Satisfied from the sword’s recoil in his hand that he had cut deep enough, he didn’t even look down; he was already peering deeper into the gloom of the barge’s hold.
He followed the fuse the young soldier had been trying to light. It went to a charge against the hull, and then another, and another.
What the—?
A boom shook the ship. Not an explosion here, but on the other barge. Dammit! It must have been rigged identically to this one.
But it wasn’t a trap. If it had been, there would have been more than one guard.
Kip moved farther into the hold. There was nothing here except all the slaves at their oars on overcrowded benches and plenty of slaves in reserve.
Slaves, while the White King railed against the Chromeria for practicing slavery. Asshole.
There was no grain.
But if there was nothing here, why set charges so you could scuttle the boat?
For that matter, why were these barges up here at all? Kip had barely noticed in Cruxer’s report, but this foraging party had already sent two barges directly to Deora Neamh… but had left these here.
Charges and separation had to mean a cargo. But what cargo?
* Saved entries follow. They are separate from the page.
definition rho :: "nat \<Rightarrow> int^'d::finite \<Rightarrow> int^'d \<Rightarrow> int" where
  "rho M x y = Inf {supnorm (x - y + of_nat M * z) | z. True}"

definition suppT :: "nat \<Rightarrow> (int^'d::finite \<Rightarrow> real^'m::finite) \<Rightarrow> (int^'d) set" where
  "suppT M \<phi> = {x \<in> tbox M. \<phi> x \<noteq> 0}"

text \<open>dist_inf, with the usual convention min of the empty set = infinity.\<close>
definition dist_inf :: "nat \<Rightarrow> (int^'d::finite) set \<Rightarrow> (int^'d) set \<Rightarrow> ereal" where
  "dist_inf M S1 S2 = Inf {ereal (real_of_int (rho M x y)) | x y. x \<in> S1 \<and> y \<in> S2}"

end

theory Submission
  imports Defs "HOL-Library.Function_Algebras"
begin

text \<open>Each projection \<open>\<Pi>\<^sub>x\<close> only sees the cube \<open>Q + x\<close>: its range \<open>V\<^sub>x\<close> consists of
  functions vanishing off \<open>Q + x\<close>, and since \<open>(\<cdot>,\<cdot>)\<^sub>+\<close> only involves nearest-neighbour
  differences, \<open>(\<phi>, \<eta>)\<^sub>+ = 0\<close> for all \<open>\<eta> \<in> V\<^sub>x\<close> as soon as \<open>\<phi>\<close> vanishes on the closed
  cube \<open>{0..l}\<^sup>d + x\<close>, and then \<open>\<Pi>\<^sub>x \<phi> = 0\<close>. If the supports of \<open>\<phi>\<close> and \<open>\<psi>\<close> are more
  than \<open>l - 1\<close> apart, then for every \<open>x\<close> either \<open>\<psi>\<close> vanishes on \<open>Q + x\<close>, so that
  \<open>\<langle>\<Pi>\<^sub>x \<phi>, \<psi>\<rangle> = 0\<close> pointwise, or \<open>\<phi>\<close> vanishes on \<open>{0..l}\<^sup>d + x\<close>, so that \<open>\<Pi>\<^sub>x \<phi> = 0\<close>.
  Summing over \<open>x\<close> gives \<open>\<langle>T \<phi>, \<psi>\<rangle> = 0\<close>; then \<open>\<langle>R \<phi>, \<psi>\<rangle> = \<langle>\<phi>, \<psi>\<rangle> - \<langle>T \<phi>, \<psi>\<rangle> = 0\<close>
  as the supports are disjoint, and the statements for the adjoints follow from
  \<open>\<langle>T' \<phi>, \<psi>\<rangle> = \<langle>\<phi>, T \<psi>\<rangle>\<close> because the hypothesis is symmetric in \<open>\<phi>\<close> and \<open>\<psi>\<close>.

  Projections and adjoints are definite descriptions, so their existence must be shown: both
  are instances of a Riesz representation for a symmetric bilinear form that is definite on a
  finitely generated space of functions, \<open>X\<^sub>N\<close> and \<open>V\<^sub>x\<close> being spanned by dipoles
  \<open>(\<delta>\<^sub>p - \<delta>\<^sub>b) e\<^sub>i\<close>. The form \<open>(\<cdot>,\<cdot>)\<^sub>+\<close> is definite on \<open>V\<^sub>x\<close> because a function with
  vanishing gradient is constant along lattice lines, and every such line leaves \<open>Q + x\<close> on
  the torus since \<open>l \<le> L\<^sup>N\<close>.\<close>

section \<open>The discrete torus\<close>

definition tor_rep :: "nat \<Rightarrow> int^'d::finite \<Rightarrow> int^'d" where
  "tor_rep M w = (\<chi> j. w$j mod int M)"

lemma cong_tor_iff_dvd: "cong_tor M u w \<longleftrightarrow> (\<forall>j. int M dvd u$j - w$j)"
  by (simp add: cong_tor_def mod_eq_dvd_iff)

lemma cong_tor_refl [simp]: "cong_tor M u u"
  by (simp add: cong_tor_def)

lemma cong_tor_sym: "cong_tor M u w \<Longrightarrow> cong_tor M w u"
  by (simp add: cong_tor_def)

lemma cong_tor_trans: "cong_tor M u v \<Longrightarrow> cong_tor M v w \<Longrightarrow> cong_tor M u w"
  by (simp add: cong_tor_def)

lemma cong_tor_add_right: "cong_tor M u v \<Longrightarrow> cong_tor M (u + w) (v + w)"
  by (simp add: cong_tor_iff_dvd)

lemma cong_tor_diff: "cong_tor M a c \<Longrightarrow> cong_tor M b d \<Longrightarrow> cong_tor M (a - b) (c - d)"
proof -
  assume "cong_tor M a c" "cong_tor M b d"
  then have "int M dvd (a$j - c$j) - (b$j - d$j)" for j
    by (simp add: cong_tor_iff_dvd dvd_diff)
  then show ?thesis by (simp add: cong_tor_iff_dvd algebra_simps)
qed

lemma cong_tor_iff_tor_rep_eq: "cong_tor M u w \<longleftrightarrow> tor_rep M u = tor_rep M w"
  by (simp add: cong_tor_def tor_rep_def vec_eq_iff)

lemma tor_rep_in_tbox: "M > 0 \<Longrightarrow> tor_rep M w \<in> tbox M"
  by (simp add: tbox_def tor_rep_def)

lemma tor_rep_tbox: "w \<in> tbox M \<Longrightarrow> tor_rep M w = w"
  by (simp add: tbox_def tor_rep_def vec_eq_iff)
Kip had been flickering his vision between sub-red and normal vision to pierce the darkness for any violent moves toward him, but now he held up a green orb, drafted to shimmer back to light.
Despite the darkness, all the slaves wore blindfolds.
Kip ran back to the dead girl in her spreading pool of blood, and found a key around her neck. He ran to a tall man on the first bench, his pale Blood Forester arms permanently stained blue and green and yellow with luxin. Kip pulled off his blindfold.
“Who are you?” Kip demanded. He pointedly didn’t unlock the man’s manacles.
“I’m Derwyn. I’m Aleph of the Cwn y Wawr,” the man said quietly. “Repaid for our faithlessness here.”
“What faithlessness? Quick!” The Cwn y Wawr, the Dogs of Dawn, were Blood Forest’s hidden society of warrior-drafters.
The man’s stony sorrow said that he knew he was speaking his own death and he didn’t care. “We saw no path to victory, so to save our villages and families we tried to make a separate peace with the White King. He ambushed us instead. Captured us. We’re being taken to him. We either give him our fealty or he takes our eyes.”